And on top of that we manage upwards of 10,000 or more customer clusters. And each one of those customer clusters also has just a little bit of IBM code that runs on it as well. So now we have to manage code across tens of thousands of clusters and not only that but our team's themselves are kind of spread across the world. IBM loves to do this. We got so many people we just can't do it all in one spot. So we've got folks from our team in Raleigh and Austin, the UK, Germany. I'm know I'm missing some places. But the point is we have this global team spread across the world. So that also adds to some of the challenges. How do we make sure that all the teams can operate as a efficient team together?
So when I started the group they had taken a lot of the old kind of practices. You know, there was they were just deploying to a single data center. So had set up all these Jenkins jobs. Had to set up this pipeline to push him dev to stage, to pre-staged to production. And that deployment process take around three or four hours.
And we also tend to treat Armada itself as this big monolith. So we'd say, “Okay, here's Armada 1.5.3. Let's push this whole thing from stage into production.” And that actually was not scalable because we couldn't centrally build and push this thing out to six different places. I mean if we'd kept the same model we probably do a release maybe once a month. And on top of that since we're doing these big monolithic releases the release of themselves got very big. So you would have literally hundreds and hundreds of changes going to every single deployment.
So we kind of came up with some principles and what do we want to focus on? What do I make better for the container service? So the first thing we focused on is visibility. And this is kind of one of the things I'd learned 20 years ago doing services that most important things that we need to know is what's actually running where? When did it get it updated? Are they issues in the environment? So visibility is the first thing we tackled. Now not only do we know when we deployed something, but we know exactly what's running and every single cluster at any one time. In the past we knew what we deployed but we didn't know what was actually running. So that was a really helpful.

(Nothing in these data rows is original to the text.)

lemma signed_peak_sum_Suc:
  "signed_peak_sum (Suc n) w =
     signed_peak_sum n (\<lambda>k. of_int (2 * int k - 1) * w k + of_int (int n - 2 * int k) * w (Suc k))"
proof -
  let ?h = "\<lambda>xs. (-1) ^ card (rl_minima xs) * w (card (peaks xs))"
  have "signed_peak_sum (Suc n) w = (\<Sum>(ys, j)\<in>perm_words n \<times> {..n}. ?h (insert_at j (Suc n) ys))"
    unfolding signed_peak_sum_def
    using sum.reindex_bij_betw[OF bij_betw_insert_max_perm_words, of ?h] by (simp add: split_def)
  also have "\<dots> = (\<Sum>ys\<in>perm_words n. \<Sum>j\<le>n. ?h (insert_at j (Suc n) ys))"
    by (simp add: sum.cartesian_product)
  finally show ?thesis
    unfolding signed_peak_sum_def by (simp add: sum_insert_max_positions)
qed

lemma Suc_times_binomial_Suc_int:
  "int (Suc k) * int (m choose Suc k) = (int m - int k) * int (m choose k)"
proof (cases "k \<le> m")
  case True
  have "Suc k * (m choose Suc k) = (m - k) * (m choose k)"
  proof (cases m)
    case (Suc m')
    have "Suc k * (Suc m' choose Suc k) = Suc m' * (m' choose k)"
      by (rule Suc_times_binomial)
    also have "\<dots> = (Suc m' - k) * (Suc m' choose k)"
      using binomial_absorb_comp[of "Suc m'" k] by simp
    finally show ?thesis using Suc by simp
  qed simp
  then show ?thesis
    using True by (metis of_nat_diff of_nat_mult)
qed (simp add: binomial_eq_0)

definition peak_coeff :: "nat \<Rightarrow> nat \<Rightarrow> int" where
  "peak_coeff n k = (-1) ^ (n + k) * int (n div 2 choose k)"

lemma peak_coeff_eq_0: "n < k \<Longrightarrow> peak_coeff n k = 0"
  by (simp add: peak_coeff_def binomial_eq_0)

lemma peak_coeff_Suc_0: "peak_coeff (Suc n) 0 = - peak_coeff n 0"
  by (simp add: peak_coeff_def)

lemma peak_coeff_Suc_Suc:
  "peak_coeff (Suc n) (Suc k) =
     (2 * int (Suc k) - 1) * peak_coeff n (Suc k) + (int n - 2 * int k) * peak_coeff n k"
proof -
  let ?m = "n div 2"
  have absorb: "int (Suc k) * int (?m choose Suc k) = (int ?m - int k) * int (?m choose k)"
    by (rule Suc_times_binomial_Suc_int)
  have key: "int (Suc n div 2 choose Suc k) =
      - (2 * int k + 1) * int (?m choose Suc k) + (int n - 2 * int k) * int (?m choose k)"
  proof (cases "even n")
    case True
    then have "Suc n div 2 = ?m" "int n = 2 * int ?m" by presburger+
    then show ?thesis using absorb by (simp add: algebra_simps)
  next
    case False
    then have "Suc n div 2 = Suc ?m" "int n = 2 * int ?m + 1" by presburger+
    then show ?thesis using absorb by (simp add: algebra_simps)
  qed
  let ?e = "(-1::int) ^ (n + k)"
  have "peak_coeff (Suc n) (Suc k) = ?e * int (Suc n div 2 choose Suc k)"
    by (simp add: peak_coeff_def)
  also have "\<dots> = ?e * (- (2 * int k + 1) * int (?m choose Suc k) +
      (int n - 2 * int k) * int (?m choose k))"
    by (simp only: key)
  also have "\<dots> =
      (2 * int (Suc k) - 1) * peak_coeff n (Suc k) + (int n - 2 * int k) * peak_coeff n k"
    by (simp add: peak_coeff_def algebra_simps)
  finally show ?thesis .
qed

lemma signed_peak_sum_0: "signed_peak_sum 0 w = w 0"
proof -
  have "perm_words 0 = {[]}" by (auto simp: perm_words_def)
  moreover have "rl_minima [] = {}" "peaks [] = {}" by (auto simp: rl_minima_def peaks_def)
  ultimately show ?thesis by (simp add: signed_peak_sum_def)
qed

lemma signed_peak_sum_eq_coeffs:
  "signed_peak_sum n w = (\<Sum>k\<le>n. of_int (peak_coeff n k) * w k)"
proof (induction n arbitrary: w)
  case 0
  show ?case by (simp add: signed_peak_sum_0 peak_coeff_def)
next
  case (Suc n)
  let ?c = "\<lambda>k. of_int (peak_coeff n k)"
  have extend: "(\<Sum>k\<le>n. ?c k * of_int (2 * int k - 1) * w k) =
      (\<Sum>k\<le>Suc n. ?c k * of_int (2 * int k - 1) * w k)"
    by (simp add: peak_coeff_eq_0)
  have "signed_peak_sum (Suc n) w =
      (\<Sum>k\<le>n. ?c k * of_int (2 * int k - 1) * w k) +
      (\<Sum>k\<le>n. ?c k * of_int (int n - 2 * int k) * w (Suc k))"
    by (simp add: signed_peak_sum_Suc Suc.IH distrib_left sum.distrib mult.assoc)
  also have "\<dots> = - ?c 0 * w 0 + (\<Sum>k\<le>n. ?c (Suc k) * of_int (2 * int (Suc k) - 1) * w (Suc k))
      + (\<Sum>k\<le>n. ?c k * of_int (int n - 2 * int k) * w (Suc k))"
    unfolding extend sum.atMost_Suc_shift by simp
  also have "\<dots> = of_int (peak_coeff (Suc n) 0) * w 0 +
      (\<Sum>k\<le>n. of_int (peak_coeff (Suc n) (Suc k)) * w (Suc k))"
    by (simp add: peak_coeff_Suc_0 peak_coeff_Suc_Suc ring_distribs sum.distrib add.assoc mult_ac)
  finally show ?case by (simp only: sum.atMost_Suc_shift)
qed

lemma signed_peak_sum_power:
  fixes u :: "'a::comm_ring_1"
  shows "signed_peak_sum n (\<lambda>k. u ^ k) = (-1) ^ n * (1 - u) ^ (n div 2)"
proof -
  have "signed_peak_sum n (\<lambda>k. u ^ k) = (-1) ^ n * (\<Sum>k\<le>n. of_nat (n div 2 choose k) * (- u) ^ k)"
    by (simp add: signed_peak_sum_eq_coeffs peak_coeff_def sum_distrib_left power_add
        power_minus[of u] algebra_simps)
  also have "(\<Sum>k\<le>n. of_nat (n div 2 choose k) * (- u) ^ k) =
      (\<Sum>k\<le>n div 2. of_nat (n div 2 choose k) * (- u) ^ k)"
    by (rule sum.mono_neutral_right) (simp_all add: binomial_eq_0 not_le)
  also have "\<dots> = (1 - u) ^ (n div 2)"
    using binomial_ring[of "- u" 1 "n div 2"] by (simp add: algebra_simps)
  finally show ?thesis .
qed

lemma word_at_map_upt: "i \<le> n \<Longrightarrow> word_at (map \<sigma> [Suc 0..<Suc n]) i = perm_val \<sigma> i"
  by (auto simp: word_at_def perm_val_def simp del: upt_Suc)

lemma left_peaks_eq_card_peaks: "left_peaks n \<sigma> = card (peaks (map \<sigma> [1..<Suc n]))"
  unfolding left_peaks_def peaks_def
  by (rule arg_cong[where f = card]) (auto simp: word_at_map_upt simp del: upt_Suc)

lemma rl_min_eq_card_rl_minima: "rl_min n \<sigma> = card (rl_minima (map \<sigma> [1..<Suc n]))"
  unfolding rl_min_def rl_minima_def
  by (rule arg_cong[where f = card]) (auto simp: word_at_map_upt simp del: upt_Suc)

lemma permutes_of_perm_word:
  assumes "xs \<in> perm_words n"
  shows "(\<lambda>i. if i \<in> {1..n} then xs ! (i - 1) else i) permutes {1..n}"
proof (rule bij_imp_permutes)
  have "bij_betw (\<lambda>i. i - 1) {1..n} {..<n}"
    by (rule bij_betw_byWitness[where f' = Suc]) auto
  moreover have "bij_betw ((!) xs) {..<n} {1..n}"
    using assms length_perm_words[OF assms] by (intro bij_betw_nth) (auto simp: perm_words_def)
  ultimately have "bij_betw ((!) xs \<circ> (\<lambda>i. i - 1)) {1..n} {1..n}"
    by (rule bij_betw_trans)
  then show "bij_betw (\<lambda>i. if i \<in> {1..n} then xs ! (i - 1) else i) {1..n} {1..n}"
    by (rule bij_betw_cong[THEN iffD1, rotated]) simp
qed auto

lemma bij_betw_perm_words:
  "bij_betw (\<lambda>\<sigma>. map \<sigma> [1..<Suc n]) {\<sigma>. \<sigma> permutes {1..n}} (perm_words n)"
proof (rule bij_betw_imageI)
  show "inj_on (\<lambda>\<sigma>. map \<sigma> [1..<Suc n]) {\<sigma>. \<sigma> permutes {1..n}}"
  proof (rule inj_onI, rule ext)
    fix \<sigma> \<tau> x
    assume "\<sigma> \<in> {\<sigma>. \<sigma> permutes {1..n}}" "\<tau> \<in> {\<sigma>. \<sigma> permutes {1..n}}"
      and "map \<sigma> [1..<Suc n] = map \<tau> [1..<Suc n]"
    then show "\<sigma> x = \<tau> x"
      by (cases "x \<in> {1..n}") (auto simp: permutes_not_in simp del: upt_Suc)
  qed
next
  show "(\<lambda>\<sigma>. map \<sigma> [1..<Suc n]) ` {\<sigma>. \<sigma> permutes {1..n}} = perm_words n"
  proof (rule set_eqI, rule iffI)
    fix xs assume "xs \<in> (\<lambda>\<sigma>. map \<sigma> [1..<Suc n]) ` {\<sigma>. \<sigma> permutes {1..n}}"
    then obtain \<sigma> where "\<sigma> permutes {1..n}" and xs: "xs = map \<sigma> [1..<Suc n]" by auto
    then show "xs \<in> perm_words n"
      using permutes_inj_on[of \<sigma> "{1..n}"] permutes_image[of \<sigma> "{1..n}"]
      by (auto simp: perm_words_def distinct_map atLeastLessThanSuc_atLeastAtMost
          simp del: upt_Suc)
  next
    fix xs assume xs: "xs \<in> perm_words n"
    let ?\<sigma> = "\<lambda>i. if i \<in> {1..n} then xs ! (i - 1) else i"
    have "map ?\<sigma> [1..<Suc n] = xs"
      by (rule nth_equalityI) (auto simp: length_perm_words[OF xs] simp del: upt_Suc)
    with permutes_of_perm_word[OF xs]
    show "xs \<in> (\<lambda>\<sigma>. map \<sigma> [1..<Suc n]) ` {\<sigma>. \<sigma> permutes {1..n}}" by force
  qed
qed

theorem theorem1p7:
  fixes n :: nat and u :: "'a :: comm_ring_1"
  assumes "n \<ge> 1"
  shows "(\<Sum>\<sigma> \<in> {\<sigma>. \<sigma> permutes {1..n}}. u ^ left_peaks n \<sigma> * (-1) ^ rl_min n \<sigma>)
         = (if even n then (1 - u) ^ (n div 2) else - ((1 - u) ^ (n div 2)))"
proof -
  have "(\<Sum>\<sigma> \<in> {\<sigma>. \<sigma> permutes {1..n}}. u ^ left_peaks n \<sigma> * (-1) ^ rl_min n \<sigma>)
      = (\<Sum>\<sigma> \<in> {\<sigma>. \<sigma> permutes {1..n}}. (\<lambda>xs. (-1) ^ card (rl_minima xs) * u ^ card (peaks xs))
          (map \<sigma> [1..<Suc n]))"
    by (simp add: left_peaks_eq_card_peaks rl_min_eq_card_rl_minima mult.commute del: upt_Suc)
  also have "\<dots> = signed_peak_sum n (\<lambda>k. u ^ k)"
    unfolding signed_peak_sum_def by (rule sum.reindex_bij_betw[OF bij_betw_perm_words])
  also have "\<dots> = (-1) ^ n * (1 - u) ^ (n div 2)"
    by (rule signed_peak_sum_power)
  finally show ?thesis by simp
qed

end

In addition with transparency … So this is kind of an IBM overall thing with transparency. In the past we used to have the RTC or CNBC for these code repositories. And it was kind of like a need-to-know basis to see the source code. So we've actually adopted this traditional GitHub model where everything is open. So if the team that works on the UI has a question of API, they can just look at the code for API. They can submit a PR for a code change. So this is all stuff that we in the room all know and love, but there's something that we had to learn over time.
And the next thing is kind of decentralizing and decoupling our services. So I mentioned before, most of our services were… we kind of treat Armada as just one big monolithic thing. And we've learned now to decouple these services. And because we treated as a monolith, there's like two guys in an organization of over 200 people, that it could actually push out a release of Armada. And so their jobs… They hated their jobs because like every… they just basically either doing deployments or freaking out how to fix a broken deployment.
And so part of the decentralization was, “Well, let's take some of that, you know deployment steps and building and processing the actual microservice. Let's push them back to actually squad it on the code.” And what's interesting is when we first talked about this there's a lot of pushback from the two guys who actually had to do the releases. And their excuse was that, “These guys don't know how to do deployment.” And our response back to them was, “Well, they need to learn how to do it because you can't really support your code in an environment if you don't know how to deploy it out in the environment.”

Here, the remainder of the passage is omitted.